Crucially, there is no Android runtime involved. The PC isn’t mirroring your phone screen or running an emulator. It’s simply opening a Windows app (or a web page) at the right place, much like Apple’s Handoff. Continuity is app-specific: developers must implement support for the resume protocol. For now, Spotify is the sole example, but the underlying plumbing is generic.

Prerequisites: What You Need to Test the Feature

As of late August 2025, you’ll need:

  • Windows 11 Insider Preview (Dev or Beta Channel) on a recent Build 26200 series. Turn on “Get the latest updates as soon as they’re available” in Windows Update.
  • An Android phone running the Link to Windows app (most modern devices are compatible). Samsung and Surface Duo users historically had early access, but this feature is not OEM-locked.
  • Phone Link pairing completed, with background activity allowed on the phone so the resume signal isn’t delayed.
  • Matching accounts: For Spotify, you must be signed into the same account on both devices.
  • The Windows app installed—or allow Windows to install it for you on the fly.

Step-by-Step: Enabling and Using Resume from Phone

  1. Pair your phone and PC: On your PC, go to Settings > Bluetooth & devices > Mobile devices, enable “Allow this PC to access your mobile devices,” and follow the flow. On your phone, open Link to Windows and complete pairing, granting the necessary permissions.
  2. Check notifications: Ensure Windows notifications are enabled and Focus Assist isn’t suppressing them. On Android, give Link to Windows notification access and disable aggressive battery optimization.
  3. Try it with Spotify: Start playing a track on your phone. Within seconds, a taskbar alert should show the song title and a “Resume” prompt. Click it to continue on your PC. If Spotify isn’t installed, you’ll see a prompt to install it from the Store.
  4. Manage preferences: You can disable the prompts entirely by unlinking your phone (Settings > Bluetooth & devices > Mobile devices) or muting the specific notification.

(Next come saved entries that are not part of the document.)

(* Consider the inexact Bregman proximal point algorithm described in the context, with $\Phi$ Legendre, and define the ergodic iterates $\breve p^K=\big(\sum_{k=0}^K\sigma_kp^k\big)/\big(\sum_{k=0}^K\sigma_k\big)$. Let $z\in\operatorname{dom}T\cap\operatorname{dom}\Phi$. Then for every $w\in T(z)$ and every $K\ge0$, $$\langle w,\breve p^K-z\rangle\le\frac{D_\Phi(z,z^0)}{\sum_{k=0}^K\sigma_k}.$$
   Context: Let $\mathbb{E}$ be a finite-dimensional Euclidean space, $\Gamma_0(\mathbb{E})$ the proper lsc convex functions $\mathbb{E}\to\mathbb{R}\cup\{+\infty\}$. $\Phi\in\Gamma_0(\mathbb{E})$ is Legendre if it is essentially smooth ($\operatorname{int}\operatorname{dom}\Phi\ne\emptyset$, differentiable there, $\|\nabla\Phi(z^\nu)\|\to\infty$ whenever $\operatorname{int}\operatorname{dom}\Phi\ni z^\nu\to z\in\operatorname{bdry}\operatorname{dom}\Phi$) and essentially strictly convex (strictly convex on every convex subset of $\operatorname{dom}\partial\Phi$); then $\nabla\Phi:\operatorname{int}\operatorname{dom}\Phi\to\operatorname{int}\operatorname{dom}\Phi^*$ is a bijection with inverse $\nabla\Phi^*$. $D_\Phi(z_1,z_2)=\Phi(z_1)-\Phi(z_2)-\langle\nabla\Phi(z_2),z_1-z_2\rangle$ if $z_1\in\operatorname{dom}\Phi$, $z_2\in\operatorname{int}\operatorname{dom}\Phi$, and $+\infty$ otherwise. Let $T:\mathbb{E}\rightrightarrows\mathbb{E}$ be maximal monotone and assume $\operatorname{int}\operatorname{dom}\Phi\cap\operatorname{dom}T\ne\emptyset$. Inexact Bregman proximal point algorithm: given $z^0\in\operatorname{int}\operatorname{dom}\Phi$, step sizes $\sigma_k\ge\sigma>0$ and tolerances $\rho_k\in[0,1)$, it generates triples $(z^{k+1},p^k,w^k)$ with $p^k\in\operatorname{dom}\Phi$, $w^k\in T(p^k)$, $\nabla\Phi(z^k)-\sigma_kw^k\in\operatorname{int}\operatorname{dom}\Phi^*$, $z^{k+1}=\nabla\Phi^*(\nabla\Phi(z^k)-\sigma_kw^k)\in\operatorname{int}\operatorname{dom}\Phi$, and $D_\Phi(p^k,z^{k+1})\le\rho_kD_\Phi(p^k,z^k)$. *)

theory Defs
  imports "HOL-Analysis.Analysis"
begin

text \<open>Extended-valued functions on a finite-dimensional Euclidean space are modelled
  as functions into ereal; the value \<open>\<infinity>\<close> plays the role of \<open>+\<infinity>\<close>.\<close>

definition edom :: "('a \<Rightarrow> ereal) \<Rightarrow> 'a set" where
  "edom f = {x. f x < \<infinity>}"

definition proper_fun :: "('a \<Rightarrow> ereal) \<Rightarrow> bool" where
  "proper_fun f \<longleftrightarrow> edom f \<noteq> {} \<and> (\<forall>x. f x > -\<infinity>)"

definition lsc_fun :: "('a::topological_space \<Rightarrow> ereal) \<Rightarrow> bool" where
  "lsc_fun f \<longleftrightarrow> (\<forall>c::ereal. closed {x. f x \<le> c})"

definition econvex :: "('a::real_vector \<Rightarrow> ereal) \<Rightarrow> bool" where
  "econvex f \<longleftrightarrow> (\<forall>x y t. 0 \<le> t \<and> t \<le> 1 \<longrightarrow>
      f ((1 - t) *\<^sub>R x + t *\<^sub>R y) \<le> ereal (1 - t) * f x + ereal t * f y)"

definition Gamma0 :: "('a::real_normed_vector \<Rightarrow> ereal) \<Rightarrow> bool" where
  "Gamma0 f \<longleftrightarrow> proper_fun f \<and> lsc_fun f \<and> econvex f"

definition differentiable_at_with :: "('a::real_inner \<Rightarrow> ereal) \<Rightarrow> 'a \<Rightarrow> 'a \<Rightarrow> bool" where
  "differentiable_at_with f x g \<longleftrightarrow>
     ((\<lambda>y. real_of_ereal (f y)) has_derivative (\<lambda>h. g \<bullet> h)) (at x)"

text \<open>Gradient (meaningful at points of \<open>int dom f\<close> where f is differentiable).\<close>
definition egrad :: "('a::real_inner \<Rightarrow> ereal) \<Rightarrow> 'a \<Rightarrow> 'a" where
  "egrad f x = (SOME g. differentiable_at_with f x g)"

definition essentially_smooth :: "('a::euclidean_space \<Rightarrow> ereal) \<Rightarrow> bool" where
  "essentially_smooth f \<longleftrightarrow>
     interior (edom f) \<noteq> {} \<and>
     (\<forall>x \<in> interior (edom f). \<exists>g. differentiable_at_with f x g) \<and>
     (\<forall>X z. (\<forall>n. X n \<in> interior (edom f)) \<longrightarrow> X \<longlonglongrightarrow> z \<longrightarrow> z \<in> frontier (edom f) \<longrightarrow>
        filterlim (\<lambda>n. norm (egrad f (X n))) at_top sequentially)"

definition subdiff :: "('a::real_inner \<Rightarrow> ereal) \<Rightarrow> 'a \<Rightarrow> 'a set" where
  "subdiff f x = {g. f x < \<infinity> \<and> (\<forall>y. f y \<ge> f x + ereal (g \<bullet> (y - x)))}"

definition strictly_econvex_on :: "'a set \<Rightarrow> ('a::real_vector \<Rightarrow> ereal) \<Rightarrow> bool" where
  "strictly_econvex_on C f \<longleftrightarrow> (\<forall>x\<in>C. \<forall>y\<in>C. \<forall>t. x \<noteq> y \<and> 0 < t \<and> t < 1 \<longrightarrow>
      f ((1 - t) *\<^sub>R x + t *\<^sub>R y) < ereal (1 - t) * f x + ereal t * f y)"

definition essentially_strictly_convex :: "('a::real_inner \<Rightarrow> ereal) \<Rightarrow> bool" where
  "essentially_strictly_convex f \<longleftrightarrow>
     (\<forall>C. convex C \<and> C \<subseteq> {x. subdiff f x \<noteq> {}} \<longrightarrow> strictly_econvex_on C f)"

definition Legendre :: "('a::euclidean_space \<Rightarrow> ereal) \<Rightarrow> bool" where
  "Legendre f \<longleftrightarrow> Gamma0 f \<and> essentially_smooth f \<and> essentially_strictly_convex f"

definition fconj :: "('a::real_inner \<Rightarrow> ereal) \<Rightarrow> 'a \<Rightarrow> ereal" where
  "fconj f y = (SUP x. ereal (x \<bullet> y) - f x)"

Rollout Status and the Road Ahead

The feature is rolling out gradually to Insiders. Not everyone on an eligible build will see it immediately; Microsoft is expanding availability based on telemetry and feedback. Spotify is the launch partner, but the company has provided developer documentation so other apps—browsers, note-taking tools, task managers—can add support. No general availability date has been announced, but expect a broader rollout as the feature stabilizes.

How This Differs from WSA and Amazon Appstore

The retired Windows Subsystem for Android (WSA) and Amazon Appstore on Windows allowed you to run Android apps natively in a sandbox. Consumer support ended in March 2025. Android app resumption is a fundamentally different strategy:

  • No Android code on your PC: The PC launches a native Windows application, not an Android binary. This avoids the overhead and compatibility headaches of an Android runtime.
  • Complementary, not replacement: For apps that already have robust Windows desktop clients or web experiences, continuity is more seamless than emulation. You get full integration with system media controls, audio devices, and windowing.
  • Lower developer friction: Instead of building and maintaining an Android-on-Windows variant, developers simply expose stateful handoff via deep links, and Windows handles the orchestration.

Real-World Scenarios: Where This Shines

  • The commuter: You’re halfway through a podcast on your phone; at your desk, one click brings it to your PC speakers.
  • The multi-tasker: A colleague sends you a Spotify link on your phone. Back at the keyboard, the resume prompt lets you open it instantly in the desktop app.